About this exercise: Repeat the records below exactly, line for line.

(Stored items)

▬▬▬▬▬▬

lemma ns_count_partial_sums_limit:
  "(\<lambda>n. real (\<Sum>k\<in>{1..2 * n}. ns_count k) / 2 ^ n) \<longlonglongrightarrow> 2 * ns_const 0 + ns_const 1"
    (is ?even)
  "(\<lambda>n. real (\<Sum>k\<in>{1..2 * n + 1}. ns_count k) / 2 ^ n) \<longlonglongrightarrow> 2 * ns_const 0 + 2 * ns_const 1"
    (is ?odd)
proof -
  define y where "y l = real (ns_count (2 * l + 1)) / 2 ^ l + 2 * (real (ns_count (2 * Suc l)) / 2 ^ Suc l)" for l
  have "y \<longlonglongrightarrow> ns_const 1 + 2 * ns_const 0"
    unfolding y_def using ns_count_limit[of 1] LIMSEQ_Suc[OF ns_count_limit[of 0]]
    by (intro tendsto_add tendsto_mult_left) auto
  then have "(\<lambda>n. (\<Sum>l<n. 2 ^ l * y l) / 2 ^ n) \<longlonglongrightarrow> (ns_const 1 + 2 * ns_const 0) / (2 - 1)"
    by (rule tendsto_weighted_partial_sums) simp
  moreover have "(\<Sum>l<n. 2 ^ l * y l) = real (\<Sum>k\<in>{1..2 * n}. ns_count k)" for n
    unfolding sum_ns_count_even y_def of_nat_sum by (intro sum.cong refl) (simp add: field_simps)
  ultimately show even: ?even by (simp add: add.commute)
  have "real (\<Sum>k\<in>{1..2 * n + 1}. ns_count k) / 2 ^ n =
      real (\<Sum>k\<in>{1..2 * n}. ns_count k) / 2 ^ n + real (ns_count (2 * n + 1)) / 2 ^ n" for n
    by (simp add: add_divide_distrib)
  then show ?odd using tendsto_add[OF even ns_count_limit[of 1]] by (simp add: add_ac)
qed

lemma MED2_residue_limit:
  assumes "i < 4"
  shows "\<exists>L>0. (\<lambda>t. real (MED2 (4 * t + i)) / 2 ^ t) \<longlonglongrightarrow> L"
proof -
  define A where "A = 2 * ns_const 0 + ns_const 1"
  define B where "B = 2 * ns_const 0 + 2 * ns_const 1"
  have pos: "0 < A" "0 < B" using ns_const_pos[of 0] ns_const_pos[of 1] unfolding A_def B_def by auto
  note even = ns_count_partial_sums_limit(1)[folded A_def]
  note odd = ns_count_partial_sums_limit(2)[folded B_def]
  consider "i = 0" | "i = 1 \<or> i = 2" | "i = 3" using assms by linarith
  then show ?thesis
  proof cases
    case 1
    have "(\<lambda>t. real (MED2 (4 * Suc t + i)) / 2 ^ Suc t) \<longlonglongrightarrow> B / 2"
    proof -
      have "(4 * Suc t + i - 1) div 2 = 2 * t + 1" for t using 1 by simp
      then show ?thesis unfolding MED2_eq_sum_ns_count using tendsto_divide[OF odd tendsto_const, of 2] by (simp add: ac_simps)
    qed
    then show ?thesis using pos by (intro exI[of _ "B / 2"]) (simp add: LIMSEQ_imp_Suc)
  next
    case 2
    then have "(4 * t + i - 1) div 2 = 2 * t" for t by auto
    then show ?thesis unfolding MED2_eq_sum_ns_count using even pos by auto
  next
    case 3
    then have "(4 * t + i - 1) div 2 = 2 * t + 1" for t by simp
    then show ?thesis unfolding MED2_eq_sum_ns_count using odd pos by auto
  qed
qed

theorem proposition4p5:
  "\<exists>D :: nat \<Rightarrow> real. \<forall>i<4. D i > 0 \<and>
     (\<lambda>f. real (MED2 f)) \<sim>[inf at_top (principal {f. f mod 4 = i})]
       (\<lambda>f. D i * 2 powr (real f / 4))"
proof -
  obtain L where L: "\<And>i. i < 4 \<Longrightarrow> 0 < L i \<and> (\<lambda>t. real (MED2 (4 * t + i)) / 2 ^ t) \<longlonglongrightarrow> L i"
    using MED2_residue_limit by metis
  show ?thesis
  proof (intro exI[of _ "\<lambda>i. L i / 2 powr (real i / 4)"] allI impI conjI)
    fix i :: nat assume "i < 4"
    then show "0 < L i / 2 powr (real i / 4)" using L by simp
    show "(\<lambda>f. real (MED2 f)) \<sim>[inf at_top (principal {f. f mod 4 = i})]
        (\<lambda>f. L i / 2 powr (real i / 4) * 2 powr (real f / 4))"
      using asymp_equiv_on_residue_class[of 4 2 "L i"] L[OF \<open>i < 4\<close>] by simp
  qed
qed

end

▬▬▬▬▬▬

Written answer:
lemma ns_count_partial_sums_limit:
  "(\<lambda>n. real (\<Sum>k\<in>{1..2 * n}. ns_count k) / 2 ^ n) \<longlonglongrightarrow> 2 * ns_const 0 + ns_const 1"
    (is ?even)
  "(\<lambda>n. real (\<Sum>k\<in>{1..2 * n + 1}. ns_count k) / 2 ^ n) \<longlonglongrightarrow> 2 * ns_const 0 + 2 * ns_const 1"
    (is ?odd)
proof -
  define y where "y l = real (ns_count (2 * l + 1)) / 2 ^ l + 2 * (real (ns_count (2 * Suc l)) / 2 ^ Suc l)" for l
  have "y \<longlonglongrightarrow> ns_const 1 + 2 * ns_const 0"
    unfolding y_def using ns_count_limit[of 1] LIMSEQ_Suc[OF ns_count_limit[of 0]]
    by (intro tendsto_add tendsto_mult_left) auto
  then have "(\<lambda>n. (\<Sum>l<n. 2 ^ l * y l) / 2 ^ n) \<longlonglongrightarrow> (ns_const 1 + 2 * ns_const 0) / (2 - 1)"
    by (rule tendsto_weighted_partial_sums) simp
  moreover have "(\<Sum>l<n. 2 ^ l * y l) = real (\<Sum>k\<in>{1..2 * n}. ns_count k)" for n
    unfolding sum_ns_count_even y_def of_nat_sum by (intro sum.cong refl) (simp add: field_simps)
  ultimately show even: ?even by (simp add: add.commute)
  have "real (\<Sum>k\<in>{1..2 * n + 1}. ns_count k) / 2 ^ n =
      real (\<Sum>k\<in>{1..2 * n}. ns_count k) / 2 ^ n + real (ns_count (2 * n + 1)) / 2 ^ n" for n
    by (simp add: add_divide_distrib)
  then show ?odd using tendsto_add[OF even ns_count_limit[of 1]] by (simp add: add_ac)
qed

lemma MED2_residue_limit:
  assumes "i < 4"
  shows "\<exists>L>0. (\<lambda>t. real (MED2 (4 * t + i)) / 2 ^ t) \<longlonglongrightarrow> L"
proof -
  define A where "A = 2 * ns_const 0 + ns_const 1"
  define B where "B = 2 * ns_const 0 + 2 * ns_const 1"
  have pos: "0 < A" "0 < B" using ns_const_pos[of 0] ns_const_pos[of 1] unfolding A_def B_def by auto
  note even = ns_count_partial_sums_limit(1)[folded A_def]
  note odd = ns_count_partial_sums_limit(2)[folded B_def]
  consider "i = 0" | "i = 1 \<or> i = 2" | "i = 3" using assms by linarith
  then show ?thesis
  proof cases
    case 1
    have "(\<lambda>t. real (MED2 (4 * Suc t + i)) / 2 ^ Suc t) \<longlonglongrightarrow> B / 2"
    proof -
      have "(4 * Suc t + i - 1) div 2 = 2 * t + 1" for t using 1 by simp
      then show ?thesis unfolding MED2_eq_sum_ns_count using tendsto_divide[OF odd tendsto_const, of 2] by (simp add: ac_simps)
    qed
    then show ?thesis using pos by (intro exI[of _ "B / 2"]) (simp add: LIMSEQ_imp_Suc)
  next
    case 2
    then have "(4 * t + i - 1) div 2 = 2 * t" for t by auto
    then show ?thesis unfolding MED2_eq_sum_ns_count using even pos by auto
  next
    case 3
    then have "(4 * t + i - 1) div 2 = 2 * t + 1" for t by simp
    then show ?thesis unfolding MED2_eq_sum_ns_count using odd pos by auto
  qed
qed

theorem proposition4p5:
  "\<exists>D :: nat \<Rightarrow> real. \<forall>i<4. D i > 0 \<and>
     (\<lambda>f. real (MED2 f)) \<sim>[inf at_top (principal {f. f mod 4 = i})]
       (\<lambda>f. D i * 2 powr (real f / 4))"
proof -
  obtain L where L: "\<And>i. i < 4 \<Longrightarrow> 0 < L i \<and> (\<lambda>t. real (MED2 (4 * t + i)) / 2 ^ t) \<longlonglongrightarrow> L i"
    using MED2_residue_limit by metis
  show ?thesis
  proof (intro exI[of _ "\<lambda>i. L i / 2 powr (real i / 4)"] allI impI conjI)
    fix i :: nat assume "i < 4"
    then show "0 < L i / 2 powr (real i / 4)" using L by simp
    show "(\<lambda>f. real (MED2 f)) \<sim>[inf at_top (principal {f. f mod 4 = i})]
        (\<lambda>f. L i / 2 powr (real i / 4) * 2 powr (real f / 4))"
      using asymp_equiv_on_residue_class[of 4 2 "L i"] L[OF \<open>i < 4\<close>] by simp
  qed
qed

end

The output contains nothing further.